#### WHAT IS REQUIRED
Using the records below, locate all lines containing "unfolding" and return them.

━━━━━━

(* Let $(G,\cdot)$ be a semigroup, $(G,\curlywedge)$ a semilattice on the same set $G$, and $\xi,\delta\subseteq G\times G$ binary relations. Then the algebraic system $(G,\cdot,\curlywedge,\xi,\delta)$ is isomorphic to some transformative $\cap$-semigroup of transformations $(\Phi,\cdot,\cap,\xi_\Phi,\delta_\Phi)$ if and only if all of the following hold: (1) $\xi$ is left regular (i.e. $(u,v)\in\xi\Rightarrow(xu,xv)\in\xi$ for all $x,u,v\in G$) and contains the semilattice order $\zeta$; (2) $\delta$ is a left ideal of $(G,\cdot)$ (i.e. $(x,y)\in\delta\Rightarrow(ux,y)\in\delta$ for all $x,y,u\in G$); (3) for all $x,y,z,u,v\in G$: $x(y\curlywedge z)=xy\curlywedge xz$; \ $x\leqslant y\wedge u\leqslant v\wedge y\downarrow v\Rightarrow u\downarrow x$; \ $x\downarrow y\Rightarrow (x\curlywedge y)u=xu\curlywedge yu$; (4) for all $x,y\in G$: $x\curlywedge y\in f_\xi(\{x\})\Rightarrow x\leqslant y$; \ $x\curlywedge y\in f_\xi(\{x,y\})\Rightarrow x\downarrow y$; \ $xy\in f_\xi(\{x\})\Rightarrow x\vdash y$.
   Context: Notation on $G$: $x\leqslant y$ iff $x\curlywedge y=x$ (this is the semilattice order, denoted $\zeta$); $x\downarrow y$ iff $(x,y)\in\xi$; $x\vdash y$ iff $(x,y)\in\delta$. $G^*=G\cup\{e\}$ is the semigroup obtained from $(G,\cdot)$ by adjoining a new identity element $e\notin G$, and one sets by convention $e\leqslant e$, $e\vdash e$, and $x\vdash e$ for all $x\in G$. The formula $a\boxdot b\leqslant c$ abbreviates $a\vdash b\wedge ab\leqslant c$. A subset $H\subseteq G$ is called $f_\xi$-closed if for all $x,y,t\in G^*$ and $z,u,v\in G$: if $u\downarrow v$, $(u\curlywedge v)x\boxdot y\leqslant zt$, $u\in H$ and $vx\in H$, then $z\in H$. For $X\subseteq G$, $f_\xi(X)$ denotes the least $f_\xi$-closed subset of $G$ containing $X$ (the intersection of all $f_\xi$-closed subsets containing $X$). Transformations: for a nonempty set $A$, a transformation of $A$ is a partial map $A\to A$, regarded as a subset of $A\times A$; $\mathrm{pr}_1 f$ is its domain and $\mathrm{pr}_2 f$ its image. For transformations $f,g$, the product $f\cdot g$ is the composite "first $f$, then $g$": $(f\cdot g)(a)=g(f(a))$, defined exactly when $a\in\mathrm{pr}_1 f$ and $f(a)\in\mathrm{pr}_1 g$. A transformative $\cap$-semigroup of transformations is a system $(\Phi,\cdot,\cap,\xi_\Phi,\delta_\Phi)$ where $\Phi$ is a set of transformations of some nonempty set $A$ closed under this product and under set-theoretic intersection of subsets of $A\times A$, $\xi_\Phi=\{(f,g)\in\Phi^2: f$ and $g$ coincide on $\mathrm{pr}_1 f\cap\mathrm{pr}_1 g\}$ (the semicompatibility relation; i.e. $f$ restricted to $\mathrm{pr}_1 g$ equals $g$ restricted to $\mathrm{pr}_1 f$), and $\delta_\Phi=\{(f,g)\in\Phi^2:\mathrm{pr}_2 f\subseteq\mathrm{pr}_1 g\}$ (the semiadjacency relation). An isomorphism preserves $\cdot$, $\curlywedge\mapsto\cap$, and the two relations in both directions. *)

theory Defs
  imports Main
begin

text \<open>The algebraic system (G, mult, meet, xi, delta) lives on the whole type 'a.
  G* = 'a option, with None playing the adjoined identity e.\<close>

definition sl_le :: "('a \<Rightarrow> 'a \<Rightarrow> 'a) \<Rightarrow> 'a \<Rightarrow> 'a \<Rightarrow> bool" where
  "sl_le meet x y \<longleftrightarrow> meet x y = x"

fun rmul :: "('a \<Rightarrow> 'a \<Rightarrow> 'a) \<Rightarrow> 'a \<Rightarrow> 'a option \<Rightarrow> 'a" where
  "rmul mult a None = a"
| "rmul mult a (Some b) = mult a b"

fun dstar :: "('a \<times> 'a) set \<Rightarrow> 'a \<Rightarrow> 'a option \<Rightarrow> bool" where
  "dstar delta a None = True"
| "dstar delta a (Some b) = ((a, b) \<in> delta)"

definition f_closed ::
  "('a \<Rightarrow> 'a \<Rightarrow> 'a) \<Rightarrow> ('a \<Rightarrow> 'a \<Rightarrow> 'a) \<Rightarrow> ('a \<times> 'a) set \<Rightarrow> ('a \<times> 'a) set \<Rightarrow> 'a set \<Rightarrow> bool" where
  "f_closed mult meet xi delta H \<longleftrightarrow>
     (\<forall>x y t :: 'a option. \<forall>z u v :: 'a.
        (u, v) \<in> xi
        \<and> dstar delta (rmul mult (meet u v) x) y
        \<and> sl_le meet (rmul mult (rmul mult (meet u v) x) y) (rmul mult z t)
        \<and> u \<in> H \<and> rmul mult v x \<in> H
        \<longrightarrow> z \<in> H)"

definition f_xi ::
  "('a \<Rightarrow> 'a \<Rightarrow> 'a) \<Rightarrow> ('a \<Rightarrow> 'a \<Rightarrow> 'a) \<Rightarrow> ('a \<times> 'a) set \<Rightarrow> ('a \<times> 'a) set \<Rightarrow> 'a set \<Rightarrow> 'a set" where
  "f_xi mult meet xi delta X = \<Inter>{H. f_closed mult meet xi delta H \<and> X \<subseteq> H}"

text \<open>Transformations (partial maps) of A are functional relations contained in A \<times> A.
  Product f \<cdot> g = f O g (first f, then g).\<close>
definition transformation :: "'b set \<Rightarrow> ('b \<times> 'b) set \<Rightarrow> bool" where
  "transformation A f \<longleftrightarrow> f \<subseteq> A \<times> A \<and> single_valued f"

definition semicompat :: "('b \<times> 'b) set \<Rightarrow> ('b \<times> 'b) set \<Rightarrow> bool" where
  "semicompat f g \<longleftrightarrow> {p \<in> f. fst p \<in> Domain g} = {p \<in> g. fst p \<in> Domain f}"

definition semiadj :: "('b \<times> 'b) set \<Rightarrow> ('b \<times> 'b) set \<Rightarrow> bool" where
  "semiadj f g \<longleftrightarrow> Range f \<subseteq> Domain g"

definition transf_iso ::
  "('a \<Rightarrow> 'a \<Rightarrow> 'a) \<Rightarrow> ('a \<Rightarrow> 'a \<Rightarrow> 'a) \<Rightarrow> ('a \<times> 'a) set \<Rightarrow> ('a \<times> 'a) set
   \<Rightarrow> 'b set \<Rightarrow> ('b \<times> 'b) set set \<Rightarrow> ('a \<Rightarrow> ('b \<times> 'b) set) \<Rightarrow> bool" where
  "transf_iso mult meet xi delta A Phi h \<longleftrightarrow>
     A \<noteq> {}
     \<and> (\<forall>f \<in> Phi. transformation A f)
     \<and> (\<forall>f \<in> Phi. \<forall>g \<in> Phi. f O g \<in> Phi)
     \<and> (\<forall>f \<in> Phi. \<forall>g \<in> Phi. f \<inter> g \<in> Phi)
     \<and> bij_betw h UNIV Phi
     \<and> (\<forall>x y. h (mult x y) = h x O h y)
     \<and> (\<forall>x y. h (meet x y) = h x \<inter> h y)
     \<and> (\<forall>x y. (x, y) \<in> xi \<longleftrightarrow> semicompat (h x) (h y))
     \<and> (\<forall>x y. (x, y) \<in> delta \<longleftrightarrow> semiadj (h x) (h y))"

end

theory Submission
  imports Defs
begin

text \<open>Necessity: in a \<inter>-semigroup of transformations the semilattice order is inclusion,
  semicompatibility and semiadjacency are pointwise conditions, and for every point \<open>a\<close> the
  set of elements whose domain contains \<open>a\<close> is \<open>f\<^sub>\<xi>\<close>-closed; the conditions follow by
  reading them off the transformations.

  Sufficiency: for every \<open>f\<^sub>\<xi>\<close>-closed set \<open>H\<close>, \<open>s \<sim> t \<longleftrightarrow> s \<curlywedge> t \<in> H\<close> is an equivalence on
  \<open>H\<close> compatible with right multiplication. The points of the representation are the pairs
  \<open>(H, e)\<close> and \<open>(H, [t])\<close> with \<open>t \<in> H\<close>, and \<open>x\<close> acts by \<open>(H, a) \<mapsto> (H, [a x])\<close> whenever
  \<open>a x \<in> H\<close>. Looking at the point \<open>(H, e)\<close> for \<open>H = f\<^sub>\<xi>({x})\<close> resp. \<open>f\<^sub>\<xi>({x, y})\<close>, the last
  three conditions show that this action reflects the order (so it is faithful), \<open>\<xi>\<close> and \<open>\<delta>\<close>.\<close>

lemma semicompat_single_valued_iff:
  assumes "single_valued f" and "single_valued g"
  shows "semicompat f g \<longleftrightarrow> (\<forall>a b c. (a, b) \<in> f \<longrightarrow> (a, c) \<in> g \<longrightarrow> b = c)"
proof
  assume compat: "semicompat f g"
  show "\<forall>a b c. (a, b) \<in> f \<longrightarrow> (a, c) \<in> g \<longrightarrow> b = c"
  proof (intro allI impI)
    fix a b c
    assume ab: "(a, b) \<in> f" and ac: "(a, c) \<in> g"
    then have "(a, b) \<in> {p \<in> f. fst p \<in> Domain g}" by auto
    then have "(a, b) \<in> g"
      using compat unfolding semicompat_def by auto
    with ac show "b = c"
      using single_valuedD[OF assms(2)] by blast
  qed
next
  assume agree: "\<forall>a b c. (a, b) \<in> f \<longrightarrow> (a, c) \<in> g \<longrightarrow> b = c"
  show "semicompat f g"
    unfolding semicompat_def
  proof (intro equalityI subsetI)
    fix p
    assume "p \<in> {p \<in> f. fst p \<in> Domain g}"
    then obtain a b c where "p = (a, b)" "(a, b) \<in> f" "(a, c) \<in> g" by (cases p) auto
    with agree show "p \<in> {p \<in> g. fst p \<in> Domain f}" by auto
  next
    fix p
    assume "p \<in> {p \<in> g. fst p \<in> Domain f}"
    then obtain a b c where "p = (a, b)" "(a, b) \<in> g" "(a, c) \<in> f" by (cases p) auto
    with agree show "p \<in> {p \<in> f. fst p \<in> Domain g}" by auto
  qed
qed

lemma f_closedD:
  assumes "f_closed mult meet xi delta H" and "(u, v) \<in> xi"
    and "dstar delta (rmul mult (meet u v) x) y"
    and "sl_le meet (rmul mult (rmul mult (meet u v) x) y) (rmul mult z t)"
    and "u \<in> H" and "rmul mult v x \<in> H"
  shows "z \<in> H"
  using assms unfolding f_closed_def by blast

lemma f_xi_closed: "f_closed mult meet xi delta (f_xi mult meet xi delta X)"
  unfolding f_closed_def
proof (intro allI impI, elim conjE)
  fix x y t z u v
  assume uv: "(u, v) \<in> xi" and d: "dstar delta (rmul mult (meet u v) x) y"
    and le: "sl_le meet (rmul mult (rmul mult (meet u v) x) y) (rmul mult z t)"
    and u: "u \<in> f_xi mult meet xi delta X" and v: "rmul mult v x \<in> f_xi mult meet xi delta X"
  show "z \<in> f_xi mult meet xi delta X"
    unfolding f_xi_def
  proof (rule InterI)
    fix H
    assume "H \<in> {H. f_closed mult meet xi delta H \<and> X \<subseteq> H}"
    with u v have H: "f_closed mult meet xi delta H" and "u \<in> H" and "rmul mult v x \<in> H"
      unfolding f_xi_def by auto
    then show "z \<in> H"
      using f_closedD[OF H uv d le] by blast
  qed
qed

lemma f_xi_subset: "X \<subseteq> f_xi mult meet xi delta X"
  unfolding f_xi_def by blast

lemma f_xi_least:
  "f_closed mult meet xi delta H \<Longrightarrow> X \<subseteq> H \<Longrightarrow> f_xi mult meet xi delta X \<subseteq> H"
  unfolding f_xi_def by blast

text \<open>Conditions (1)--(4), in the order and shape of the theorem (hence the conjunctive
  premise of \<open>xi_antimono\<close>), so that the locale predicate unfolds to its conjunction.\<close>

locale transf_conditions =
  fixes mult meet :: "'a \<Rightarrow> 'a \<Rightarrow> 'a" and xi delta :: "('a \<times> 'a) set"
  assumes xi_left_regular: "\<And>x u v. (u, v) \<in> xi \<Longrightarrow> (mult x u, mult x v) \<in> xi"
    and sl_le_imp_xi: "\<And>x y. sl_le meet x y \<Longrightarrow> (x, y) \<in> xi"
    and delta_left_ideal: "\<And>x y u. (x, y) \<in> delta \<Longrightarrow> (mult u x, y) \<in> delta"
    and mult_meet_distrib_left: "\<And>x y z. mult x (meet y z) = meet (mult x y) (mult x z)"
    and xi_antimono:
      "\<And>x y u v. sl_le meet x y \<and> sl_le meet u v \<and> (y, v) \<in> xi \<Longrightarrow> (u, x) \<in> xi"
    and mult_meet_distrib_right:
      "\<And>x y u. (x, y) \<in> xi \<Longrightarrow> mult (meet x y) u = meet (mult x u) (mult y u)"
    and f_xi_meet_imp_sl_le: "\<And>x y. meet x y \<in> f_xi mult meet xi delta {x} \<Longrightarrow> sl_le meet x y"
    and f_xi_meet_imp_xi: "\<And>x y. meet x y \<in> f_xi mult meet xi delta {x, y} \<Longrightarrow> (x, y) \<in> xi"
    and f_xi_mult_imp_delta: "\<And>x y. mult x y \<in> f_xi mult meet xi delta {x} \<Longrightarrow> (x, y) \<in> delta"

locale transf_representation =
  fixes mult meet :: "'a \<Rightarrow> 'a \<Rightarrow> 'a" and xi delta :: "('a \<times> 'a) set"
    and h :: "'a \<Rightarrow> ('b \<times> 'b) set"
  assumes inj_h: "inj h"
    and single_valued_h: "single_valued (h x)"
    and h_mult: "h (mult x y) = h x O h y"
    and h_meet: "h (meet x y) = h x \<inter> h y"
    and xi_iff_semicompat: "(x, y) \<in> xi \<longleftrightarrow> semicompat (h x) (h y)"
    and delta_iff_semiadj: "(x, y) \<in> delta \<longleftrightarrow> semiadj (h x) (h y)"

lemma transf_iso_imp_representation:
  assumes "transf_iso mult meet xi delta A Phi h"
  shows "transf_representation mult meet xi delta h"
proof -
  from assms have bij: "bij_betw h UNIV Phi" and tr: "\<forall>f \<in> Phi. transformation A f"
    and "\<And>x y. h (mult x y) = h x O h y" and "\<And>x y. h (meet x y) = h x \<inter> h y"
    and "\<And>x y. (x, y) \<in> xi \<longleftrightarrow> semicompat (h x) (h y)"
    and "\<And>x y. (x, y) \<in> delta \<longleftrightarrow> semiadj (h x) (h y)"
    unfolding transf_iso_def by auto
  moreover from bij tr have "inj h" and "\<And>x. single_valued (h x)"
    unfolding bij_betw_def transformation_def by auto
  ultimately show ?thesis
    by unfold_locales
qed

━━━━━━

#### OUTPUT
      using compat unfolding semicompat_def by auto
    unfolding semicompat_def
  using assms unfolding f_closed_def by blast
  unfolding f_closed_def
    unfolding f_xi_def
      unfolding f_xi_def by auto
  unfolding f_xi_def by blast
  unfolding f_xi_def by blast
    unfolding transf_iso_def by auto
    unfolding bij_betw_def transformation_def by auto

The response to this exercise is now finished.